■ YOUR INSTRUCTIONS
Please copy exactly the lines from the top of the data through the line containing "K) = (\<Sum>i\<in>UNIV.", and nothing else.

■ DATA SHOWN
lemma trace_mult_kron: "trace (\<rho> ** kron M K) = trace (ptrace1 \<rho> M ** K)"
proof -
  let ?f = "\<lambda>i j i' j'. \<rho> $ (i, j) $ (i', j') * M $ i' $ i * K $ j' $ j"
  have "trace (\<rho> ** kron M K) = (\<Sum>i\<in>UNIV. \<Sum>j\<in>UNIV. \<Sum>i'\<in>UNIV. \<Sum>j'\<in>UNIV. ?f i j i' j')"
    unfolding trace_def matrix_matrix_mult_def kron_def sum_UNIV_prod by (simp add: mult.assoc)
  also have "\<dots> = (\<Sum>j\<in>UNIV. \<Sum>i\<in>UNIV. \<Sum>i'\<in>UNIV. \<Sum>j'\<in>UNIV. ?f i j i' j')"
    by (rule sum.swap)
  also have "\<dots> = (\<Sum>j\<in>UNIV. \<Sum>i\<in>UNIV. \<Sum>j'\<in>UNIV. \<Sum>i'\<in>UNIV. ?f i j i' j')"
    by (intro sum.cong refl) (rule sum.swap)
  also have "\<dots> = (\<Sum>j\<in>UNIV. \<Sum>j'\<in>UNIV. \<Sum>i\<in>UNIV. \<Sum>i'\<in>UNIV. ?f i j i' j')"
    by (intro sum.cong refl) (rule sum.swap)
  also have "\<dots> = trace (ptrace1 \<rho> M ** K)"
    by (simp add: trace_def matrix_matrix_mult_def ptrace1_def sum_distrib_right)
  finally show ?thesis .
qed

lemma ptrace1_add: "ptrace1 \<rho> (M + N) = ptrace1 \<rho> M + ptrace1 \<rho> N"
  by (simp add: ptrace1_def vec_eq_iff distrib_left sum.distrib)

lemma kron_mat1_mat1: "kron (mat 1) (mat 1) = mat 1"
  by (auto simp: kron_def mat_def vec_eq_iff prod_eq_iff)

lemma trace_ptrace1_mat1: "trace (ptrace1 \<rho> (mat 1)) = trace \<rho>"
  using trace_mult_kron[of \<rho> "mat 1" "mat 1"] by (simp add: kron_mat1_mat1)

lemma qform_kron_proj:
  "qform (kron M (proj v)) u = qform M (\<chi> i. \<Sum>j\<in>UNIV. cnj (v $ j) * u $ (i, j))"
proof -
  let ?g = "\<lambda>i j i' j'. cnj (u $ (i, j)) * (M $ i $ i' * (v $ j * (cnj (v $ j') * u $ (i', j'))))"
  have "qform (kron M (proj v)) u = (\<Sum>i\<in>UNIV. \<Sum>j\<in>UNIV. \<Sum>i'\<in>UNIV. \<Sum>j'\<in>UNIV. ?g i j i' j')"
    by (simp add: qform_def cinner_def matrix_vector_mult_def kron_def proj_def sum_UNIV_prod
        sum_distrib_left mult.assoc)
  also have "\<dots> = (\<Sum>i\<in>UNIV. \<Sum>i'\<in>UNIV. \<Sum>j\<in>UNIV. \<Sum>j'\<in>UNIV. ?g i j i' j')"
    by (intro sum.cong refl) (rule sum.swap)
  also have "\<dots> = (\<Sum>i\<in>UNIV. \<Sum>i'\<in>UNIV. \<Sum>j'\<in>UNIV. \<Sum>j\<in>UNIV. ?g i j i' j')"
    by (rule sum.cong[OF refl], rule sum.cong[OF refl], rule sum.swap)
  also have "\<dots> = qform M (\<chi> i. \<Sum>j\<in>UNIV. cnj (v $ j) * u $ (i, j))"
    by (simp add: qform_def cinner_def matrix_vector_mult_def sum_distrib_left sum_distrib_right
        mult.assoc mult.left_commute)
  finally show ?thesis .
qed

lemma psd_kron_proj: "psd M \<Longrightarrow> psd (kron M (proj v))"
  unfolding psd_iff_qform qform_kron_proj by blast

lemma psd_ptrace1:
  assumes "psd \<rho>" "psd M"
  shows "psd (ptrace1 \<rho> M)"
  unfolding psd_iff_qform
proof
  fix v
  have "qform (ptrace1 \<rho> M) v = trace (\<rho> ** kron M (proj v))"
    by (simp add: trace_mult_kron trace_mult_proj)
  then show "qform (ptrace1 \<rho> M) v \<in> \<real> \<and> 0 \<le> Re (qform (ptrace1 \<rho> M) v)"
    using trace_mult_psd[OF assms(1) psd_kron_proj[OF assms(2)]] by simp
qed

lemma prob_kron_proj: "prob \<rho> (kron M (proj \<psi>)) = Re (qform (ptrace1 \<rho> M) \<psi>)"
  by (simp add: prob_def trace_mult_kron trace_mult_proj)

lemma prob_kron_mat1: "prob \<rho> (kron M (mat 1)) = Re (trace (ptrace1 \<rho> M))"
  by (simp add: prob_def trace_mult_kron)

section \<open>Fidelity estimates\<close>

lemma qform_le_trace:
  assumes X: "psd X" and \<psi>: "cinner \<psi> \<psi> = 1"
  shows "Re (qform X \<psi>) \<le> Re (trace X)"
  using trace_mult_psd(2)[OF X psd_mat1_minus_proj[OF \<psi>]]
  by (simp add: trace_mult_diff_right trace_mult_proj)

lemma psd_scaled_compl_minus_proj:
  assumes \<psi>: "cinner \<psi> \<psi> = 1" and orth: "cinner \<psi> z = 0"
  shows "psd (Re (cinner z z) *\<^sub>R (mat 1 - proj \<psi>) - proj z)"
proof (rule psdI)
  fix v
  define r where "r = Re (cinner z z)"
  define a where "a = cinner \<psi> v"
  have "qform (r *\<^sub>R (mat 1 - proj \<psi>) - proj z) v
      = of_real r * (cinner v v - of_real ((cmod a)\<^sup>2)) - of_real ((cmod (cinner z v))\<^sup>2)"
    by (simp add: qform_diff_matrix qform_scaleR_matrix qform_mat1 qform_proj a_def)
  then show "qform (r *\<^sub>R (mat 1 - proj \<psi>) - proj z) v
      = of_real (r * (Re (cinner v v) - (cmod a)\<^sup>2) - (cmod (cinner z v))\<^sup>2)"
    by (subst (asm) cinner_self_real) simp
  define v' where "v' = v - a *s \<psi>"
  have "cinner z \<psi> = 0" using orth cnj_cinner[of \<psi> z] by simp
  then have "cinner z v' = cinner z v"
    by (simp add: v'_def cinner_diff_right cinner_smult_right)
  moreover have "Re (cinner v' v') = Re (cinner v v) - (cmod a)\<^sup>2"
  proof -
    have "cinner v \<psi> = cnj a" by (simp add: a_def cnj_cinner)
    then show ?thesis
      using \<psi>
      by (simp add: v'_def cinner_diff_left cinner_diff_right cinner_smult_left cinner_smult_right
          a_def[symmetric]) (simp add: cmod_power2, simp add: power2_eq_square)
  qed
  ultimately show "0 \<le> r * (Re (cinner v v) - (cmod a)\<^sup>2) - (cmod (cinner z v))\<^sup>2"
    using cinner_Cauchy_Schwarz[of z v'] by (simp add: r_def)
qed

lemma qform_orthogonal_le:
  assumes X: "psd X" and \<psi>: "cinner \<psi> \<psi> = 1" and orth: "cinner \<psi> z = 0"
  shows "Re (qform X z) \<le> Re (cinner z z) * (Re (trace X) - Re (qform X \<psi>))"
  using trace_mult_psd(2)[OF X psd_scaled_compl_minus_proj[OF \<psi> orth]]
  by (simp add: trace_mult_diff_right trace_mult_scaleR_right trace_mult_proj)

lemma psd_cross_term_le:
  assumes X: "psd X" and t: "0 < t"
  shows "2 * \<bar>Re (cinner w (X *v u))\<bar> \<le> t * Re (qform X u) + Re (qform X w) / t"
proof -
  have herm: "hermitian X" using psd_imp_hermitian[OF X] .
  define B where "B = Re (cinner w (X *v u))"
  have "Re (qform X (of_real t *s u + w)) = t * t * Re (qform X u) + Re (qform X w) + 2 * t * B"
    "Re (qform X (of_real t *s u - w)) = t * t * Re (qform X u) + Re (qform X w) - 2 * t * B"
    using hermitian_qform_add[OF herm, of "of_real t *s u" w]
      hermitian_qform_diff[OF herm, of "of_real t *s u" w]
    by (simp_all add: qform_smult vector_scalar_commute cinner_smult_right B_def)
  then have "2 * t * \<bar>B\<bar> \<le> t * t * Re (qform X u) + Re (qform X w)"
    using psd_qform_nonneg[OF X, of "of_real t *s u + w"] psd_qform_nonneg[OF X, of "of_real t *s u - w"]
    by linarith
  then have "t * (2 * \<bar>B\<bar>) \<le> t * (t * Re (qform X u) + Re (qform X w) / t)"
    using t by (simp add: algebra_simps)
  then show ?thesis using t unfolding B_def by simp
qed

lemma psd_qform_add_bounds:
  assumes X: "psd X" and t: "0 < t"
  shows "(1 - t) * Re (qform X u) - Re (qform X w) / t \<le> Re (qform X (u + w))"
    and "Re (qform X (u + w)) \<le> (1 + t) * Re (qform X u) + (1 + 1 / t) * Re (qform X w)"
proof -
  have "Re (qform X (u + w)) = Re (qform X u) + Re (qform X w) + 2 * Re (cinner w (X *v u))"
    by (rule hermitian_qform_add[OF psd_imp_hermitian[OF X]])
  moreover note psd_cross_term_le[OF X t, of w u] psd_qform_nonneg[OF X, of w]
  moreover have "(1 + 1 / t) * Re (qform X w) = Re (qform X w) + Re (qform X w) / t"
    by (simp add: algebra_simps)
  ultimately show "(1 - t) * Re (qform X u) - Re (qform X w) / t \<le> Re (qform X (u + w))"
    and "Re (qform X (u + w)) \<le> (1 + t) * Re (qform X u) + (1 + 1 / t) * Re (qform X w)"
    by (simp_all add: algebra_simps abs_le_iff)
qed
lemma act_path_ghost:
  assumes a: "is_path G a"
  shows "act G (Mul (path_tm a) (ghost_tm a)) \<phi> x = (if x \<in> cylinder G a then \<phi> x else 0)"
proof -
  obtain v es where ab: "a = (v, es)" by fastforce
  show ?thesis
  proof (cases es)
    case Nil
    then show ?thesis using ab by (simp add: path_tm_def ghost_tm_def cylinder_def)
  next
    case (Cons e es')
    let ?n = "length es" and ?s = "snd x"
    have p: "is_path G (v, es)" using a ab by simp
    have "x \<in> cylinder G a" if "boundary_path G x" "stake ?n ?s = map Some es"
    proof -
      have "shd ?s = Some e" using that(2) Cons by (cases ?s) simp
      then show ?thesis using that p Cons boundary_path_Some[of G "fst x" "snd x" e] ab
        by (simp add: cylinder_def is_path_Cons)
    qed
    moreover have "map Some es @- sdrop ?n ?s = ?s" if "stake ?n ?s = map Some es"
      using that stake_sdrop[of ?n ?s] by simp
    ultimately show ?thesis
      using Cons ab p boundary_path_sdrop[of G "fst x" ?s es]
      by (auto simp: path_tm_def ghost_tm_def act_edges_tm act_ghosts_tm cylinder_def)
  qed
qed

■ EXERCISE RESPONSE
lemma trace_mult_kron: "trace (\<rho> ** kron M K) = trace (ptrace1 \<rho> M ** K)"
proof -
  let ?f = "\<lambda>i j i' j'. \<rho> $ (i, j) $ (i', j') * M $ i' $ i * K $ j' $ j"
  have "trace (\<rho> ** kron M K) = (\<Sum>i\<in>UNIV. \<Sum>j\<in>UNIV. \<Sum>i'\<in>UNIV. \<Sum>j'\<in>UNIV. ?f i j i' j')"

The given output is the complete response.